Das bedeutet im Frühjahr, sobald der Boden Temperaturen über 10–12°C erreicht, und im September, solange noch ausreichend Wärme und Feuchtigkeit vorhanden sind, ist Vertikutieren sinnvoll. Der Rasen sollte anschließend regelmäßig bewässert werden, damit die Wurzeln kräftig nachwachsen können.
Pflanzenschutz: Nematoden gegen Apfelwickler
Ein wahrer Geheimtipp im Pflanzenschutz: Gegen Apfelwickler helfen SF-Nematoden – jetzt, nach der Apfelernte, werden sie direkt an den Baumstämmen ausgebracht. Das feuchte Herbstklima bietet den winzigen Helfern die besten Bedingungen, die Larven der Apfelwickler effektiv zu befallen und deren Population im folgenden Jahr zu reduzieren. Idealerweise wird die Behandlung bei Nieselregen oder abends vorgenommen. Im Frühjahr und Frühsommer kann die Nematoden-Kur durch den Einsatz von Fallen ergänzt werden – biologischer Pflanzenschutz ohne Gift, aber mit großer Wirkung.
Werkzeuge und Geräte pflegen
Bevor die Gartensaison zu Ende geht, verdienen Werkzeuge Aufmerksamkeit. Jetzt sorgfältig reinigen – angetrockneter Erdreste und Pflanzenreste werden gründlich entfernt. Metallteile mit Öl schützen, um Rost zu verhindern. Holzstiele werden mit Pflegemitteln behandelt, lose Schrauben und Muttern nachgezurrt. Auch elektrische Geräte wie Heckenscheren oder Rasenmäher sollten gereinigt und, wenn möglich, gewartet werden. So bleiben die Helfer für den nächsten Frühling einsatzbereit und ermöglichen präzises Arbeiten ohne Ausfälle und andere Überraschungen.
Marmelade, Dörrautomat und mehr
Der September bringt oft einen Überfluss an Früchten – Marmelade, Gelees und Chutneys sind großartig, aber manchmal stößt man an Grenzen. Hier kommt der Dörrautomat ins Spiel: Mit wenig Aufwand können beispielsweise Äpfel, Birnen, Pflaumen oder Beeren, sogar Tomaten, Paprika und andere Gemüse als Trockenobst/-gemüse oder Fruchtleder haltbar gemacht werden. Die Früchte werden gewaschen, in Scheiben geschnitten und mehrere Stunden langsam getrocknet. Durch die Wahl einer geringen Temperatur bleiben die Nährstoffe erhalten und der Vorgang ist dadurch und durch die Menge sogar oft günstiger als gekaufte Produkte.
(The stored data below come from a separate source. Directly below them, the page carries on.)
(* Let $(\Omega,\mathcal{F},\mathbb{P},\theta,\varphi)$ be a discrete-time random dynamical system on a separable Hilbert space $\mathcal{H}$. Assume there exist a $\varphi$-invariant random point $A(\omega)$, some $\mu>0$ and measurable functions $0<\alpha(\omega)<\beta(\omega)<1$ such that the set $$U(\omega)=\Big\{x_0\in\bar B(A(\omega),\alpha(\omega)):\ \exists (x_n)_{n\in\mathbb{N}}\text{ with }\varphi_1(\theta_{-n}\omega,x_n)=x_{n-1}\text{ and }\|x_n-A(\theta_{-n}\omega)\|\le\beta(\omega)e^{-\mu n}\text{ for all }n\ge0\Big\}$$ consists of more than one point for $\mathbb{P}$-almost every $\omega$. Assume further that there exists some $x_0(\omega)\in U(\omega)\setminus A(\omega)$ such that the corresponding points $x_n(\omega)$, $n\ge 0$, chosen as in the definition of $U(\omega)$, are random points. Then $\varphi$ does not synchronize.
   Context: $(\Omega,\mathcal{F},\mathbb{P},\theta)$ is a metric dynamical system: $(\Omega,\mathcal{F},\mathbb{P})$ is a probability space and $(\theta_n)_{n\in\mathbb{Z}}$ is a group of measurable maps with $\theta_0=\mathrm{id}$ leaving $\mathbb{P}$ invariant. A random dynamical system is a jointly measurable map $\varphi:\mathbb{N}_0\times\Omega\times\mathcal{H}\to\mathcal{H}$ with $\varphi_0(\omega,x)=x$, $\varphi_{s+t}(\omega,x)=\varphi_t(\theta_s\omega,\varphi_s(\omega,x))$ and $x\mapsto\varphi_t(\omega,x)$ continuous; it is assumed that there is a family of sub-$\sigma$-algebras $(\mathcal{F}_{s,t})_{s\le t}$ with $\theta_r^{-1}(\mathcal{F}_{s,t})=\mathcal{F}_{s+r,t+r}$, $\mathcal{F}_{t,u}\subset\mathcal{F}_{s,v}$ for $s\le t\le u\le v$, and $\varphi_t(\cdot,x)$ $\mathcal{F}_{0,t}$-measurable. A family $\{A(\omega)\}_{\omega\in\Omega}$ of non-empty subsets of $\mathcal{H}$ is a random point (resp. random compact set) if it is $\mathbb{P}$-a.s. a single point (resp. compact set) and $\omega\mapsto\inf_{a\in A(\omega)}\|x-a\|$ is $\mathcal{F}$-measurable for each $x\in\mathcal{H}$; it is $\varphi$-invariant if $\varphi_t(\omega,A(\omega))=A(\theta_t\omega)$ for all $t\ge0$ and almost all $\omega$. A random compact set $A$ is a weak attractor if it is $\varphi$-invariant and for every compact $B\subset\mathcal{H}$, $\sup_{x\in B}\inf_{a\in A(\omega)}\|\varphi_t(\theta_{-t}\omega,x)-a\|\to0$ in probability as $t\to\infty$. Synchronization occurs if there is a weak attractor $A(\omega)$ which is a singleton for $\mathbb{P}$-almost every $\omega$. $\bar B(x,r)$ is the closed ball of radius $r$ about $x$. *)

theory Defs
  imports "HOL-Probability.Probability"
begin

definition metric_dynamical_system :: "'w measure \<Rightarrow> (int \<Rightarrow> 'w \<Rightarrow> 'w) \<Rightarrow> bool" where
  "metric_dynamical_system M \<theta> \<longleftrightarrow>
     prob_space M \<and>
     (\<forall>n. \<theta> n \<in> measurable M M \<and> distr M M (\<theta> n) = M) \<and>
     (\<forall>\<omega>\<in>space M. \<theta> 0 \<omega> = \<omega>) \<and>
     (\<forall>s t. \<forall>\<omega>\<in>space M. \<theta> (s + t) \<omega> = \<theta> s (\<theta> t \<omega>))"

definition rds ::
  "'w measure \<Rightarrow> (int \<Rightarrow> 'w \<Rightarrow> 'w) \<Rightarrow> (int \<Rightarrow> int \<Rightarrow> 'w measure)
     \<Rightarrow> (nat \<Rightarrow> 'w \<Rightarrow> 'h::{real_inner, banach, second_countable_topology} \<Rightarrow> 'h) \<Rightarrow> bool" where
  "rds M \<theta> F \<phi> \<longleftrightarrow>
     metric_dynamical_system M \<theta> \<and>
     (\<forall>t. (\<lambda>(\<omega>, x). \<phi> t \<omega> x) \<in> borel_measurable (M \<Otimes>\<^sub>M borel)) \<and>
     (\<forall>\<omega>\<in>space M. \<forall>x. \<phi> 0 \<omega> x = x) \<and>
     (\<forall>s t. \<forall>\<omega>\<in>space M. \<forall>x. \<phi> (s + t) \<omega> x = \<phi> t (\<theta> (int s) \<omega>) (\<phi> s \<omega> x)) \<and>
     (\<forall>t. \<forall>\<omega>\<in>space M. continuous_on UNIV (\<phi> t \<omega>)) \<and>
     (\<forall>s t. s \<le> t \<longrightarrow> subalgebra M (F s t)) \<and>
     (\<forall>r s t. s \<le> t \<longrightarrow>
        {\<theta> r -` S \<inter> space M | S. S \<in> sets (F s t)} = sets (F (s + r) (t + r))) \<and>
     (\<forall>s t u v. s \<le> t \<and> t \<le> u \<and> u \<le> v \<longrightarrow> sets (F t u) \<subseteq> sets (F s v)) \<and>
     (\<forall>t x. (\<lambda>\<omega>. \<phi> t \<omega> x) \<in> borel_measurable (F 0 (int t)))"
(* Let $L=\ell_1$, viewed as a subset of $\ell_2$ with the $\ell_2$-norm topology, let $u\in\ell_2\setminus\ell_1$, and let $C=\operatorname{co}(L\cup\{u\})$. Then $\operatorname{icr} C=C\setminus(L\cup\{u\})\neq\emptyset$, while $L\subseteq\operatorname{fri} C$; in particular $\emptyset\neq\operatorname{icr} C\neq\operatorname{fri} C$.
   Context: $\operatorname{co}$ denotes the convex hull (set of finite convex combinations). For a convex set $C$, a convex subset $F\subseteq C$ is a face of $C$ if for every $x\in F$ and all $y,z\in C$ with $x\in(y,z)=\{(1-t)y+tz:t\in(0,1)\}$ we have $y,z\in F$; $F_{\min}(x,C)$ is the intersection of all faces of $C$ containing $x\in C$. $\operatorname{icr} C=\{x\in C:\forall y\in C\ \exists z\in C,\ x\in(y,z)\}$; $\operatorname{fri} C=\{x\in C: C\subseteq\overline{F_{\min}(x,C)}\}$. *)

theory Defs
  imports "HOL-Analysis.Analysis"
begin

definition l1 :: "(nat \<Rightarrow> real) set" where
  "l1 = {x. summable (\<lambda>n. \<bar>x n\<bar>)}"

definition l2 :: "(nat \<Rightarrow> real) set" where
  "l2 = {x. summable (\<lambda>n. (x n)\<^sup>2)}"

definition l2norm :: "(nat \<Rightarrow> real) \<Rightarrow> real" where
  "l2norm x = sqrt (\<Sum>n. (x n)\<^sup>2)"

definition l2closure :: "(nat \<Rightarrow> real) set \<Rightarrow> (nat \<Rightarrow> real) set" where
  "l2closure S = {y \<in> l2. \<forall>e>0. \<exists>z\<in>S. l2norm (\<lambda>n. y n - z n) < e}"

definition oseg :: "(nat \<Rightarrow> real) \<Rightarrow> (nat \<Rightarrow> real) \<Rightarrow> (nat \<Rightarrow> real) set" where
  "oseg y z = {(\<lambda>n. (1 - t) * y n + t * z n) | t. 0 < t \<and> t < 1}"

definition co :: "(nat \<Rightarrow> real) set \<Rightarrow> (nat \<Rightarrow> real) set" where
  "co S = {x. \<exists>(k::nat) (a::nat \<Rightarrow> real) (p::nat \<Rightarrow> nat \<Rightarrow> real).
              (\<forall>i<k. 0 \<le> a i \<and> p i \<in> S) \<and> (\<Sum>i<k. a i) = 1 \<and>
              x = (\<lambda>n. \<Sum>i<k. a i * p i n)}"

definition cvx :: "(nat \<Rightarrow> real) set \<Rightarrow> bool" where
  "cvx S \<longleftrightarrow> (\<forall>y\<in>S. \<forall>z\<in>S. \<forall>t::real. 0 \<le> t \<and> t \<le> 1 \<longrightarrow>
                 (\<lambda>n. (1 - t) * y n + t * z n) \<in> S)"

definition is_face :: "(nat \<Rightarrow> real) set \<Rightarrow> (nat \<Rightarrow> real) set \<Rightarrow> bool" where
  "is_face F C \<longleftrightarrow> F \<subseteq> C \<and> cvx F \<and>
     (\<forall>x\<in>F. \<forall>y\<in>C. \<forall>z\<in>C. x \<in> oseg y z \<longrightarrow> y \<in> F \<and> z \<in> F)"

definition Fmin :: "(nat \<Rightarrow> real) \<Rightarrow> (nat \<Rightarrow> real) set \<Rightarrow> (nat \<Rightarrow> real) set" where
  "Fmin x C = \<Inter>{F. is_face F C \<and> x \<in> F}"

definition icr :: "(nat \<Rightarrow> real) set \<Rightarrow> (nat \<Rightarrow> real) set" where
  "icr C = {x \<in> C. \<forall>y\<in>C. \<exists>z\<in>C. x \<in> oseg y z}"

definition fri :: "(nat \<Rightarrow> real) set \<Rightarrow> (nat \<Rightarrow> real) set" where
  "fri C = {x \<in> C. C \<subseteq> l2closure (Fmin x C)}"

end

theory Submission
  imports Defs
begin

text \<open>Every point of C has the form (1 - t) l + t u with l in L and t in [0,1], and since
  u \<notin> L the coefficient t is uniquely determined; it is therefore an affine function on C.
  A point with 0 < t < 1 can be extended a little beyond itself away from any point of C without
  leaving C, so it lies in icr C. The points of L (t = 0) and u (t = 1) cannot: a point strictly
  inside a segment whose endpoint has coefficient 1 (resp. 0) has coefficient strictly between.
  For fri, L is a linear subspace, so any face of C meeting L contains all of L, and L is dense
  in l2 and hence in C.\<close>

lemma l1_zero: "(\<lambda>n. 0) \<in> l1"
  by (simp add: l1_def)

lemma l1_lincomb:
  assumes "x \<in> l1" "y \<in> l1"
  shows "(\<lambda>n. a * x n + b * y n) \<in> l1"
proof -
  have "summable (\<lambda>n. \<bar>a\<bar> * \<bar>x n\<bar> + \<bar>b\<bar> * \<bar>y n\<bar>)"
    using assms by (intro summable_add summable_mult) (auto simp: l1_def)
  then have "summable (\<lambda>n. \<bar>a * x n + b * y n\<bar>)"
    by (rule summable_comparison_test') (auto simp: abs_mult intro: order.trans[OF abs_triangle_ineq])
  then show ?thesis
    by (simp add: l1_def)
qed

lemma l1_sum:
  assumes "\<And>i. i \<in> I \<Longrightarrow> p i \<in> l1"
  shows "(\<lambda>n. \<Sum>i\<in>I. a i * p i n) \<in> l1"
proof -
  have "summable (\<lambda>n. \<Sum>i\<in>I. \<bar>a i\<bar> * \<bar>p i n\<bar>)"
    using assms by (intro summable_sum summable_mult) (auto simp: l1_def)
  then have "summable (\<lambda>n. \<bar>\<Sum>i\<in>I. a i * p i n\<bar>)"
    by (rule summable_comparison_test') (auto simp: abs_mult intro: order.trans[OF sum_abs])
  then show ?thesis
    by (simp add: l1_def)
qed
Außerdem ist beim eigenen Garten absolut klar, woher das Produkt kommt und was drin steckt. Das Ergebnis: fruchtige Snacks, fettärmere Gemüsechips, hausgemachtes Brühpulver und vieles mehr. So kann uns der Geschmack der Gartensaison noch bis weit in den Winter oder das nächste Jahr Freude machen.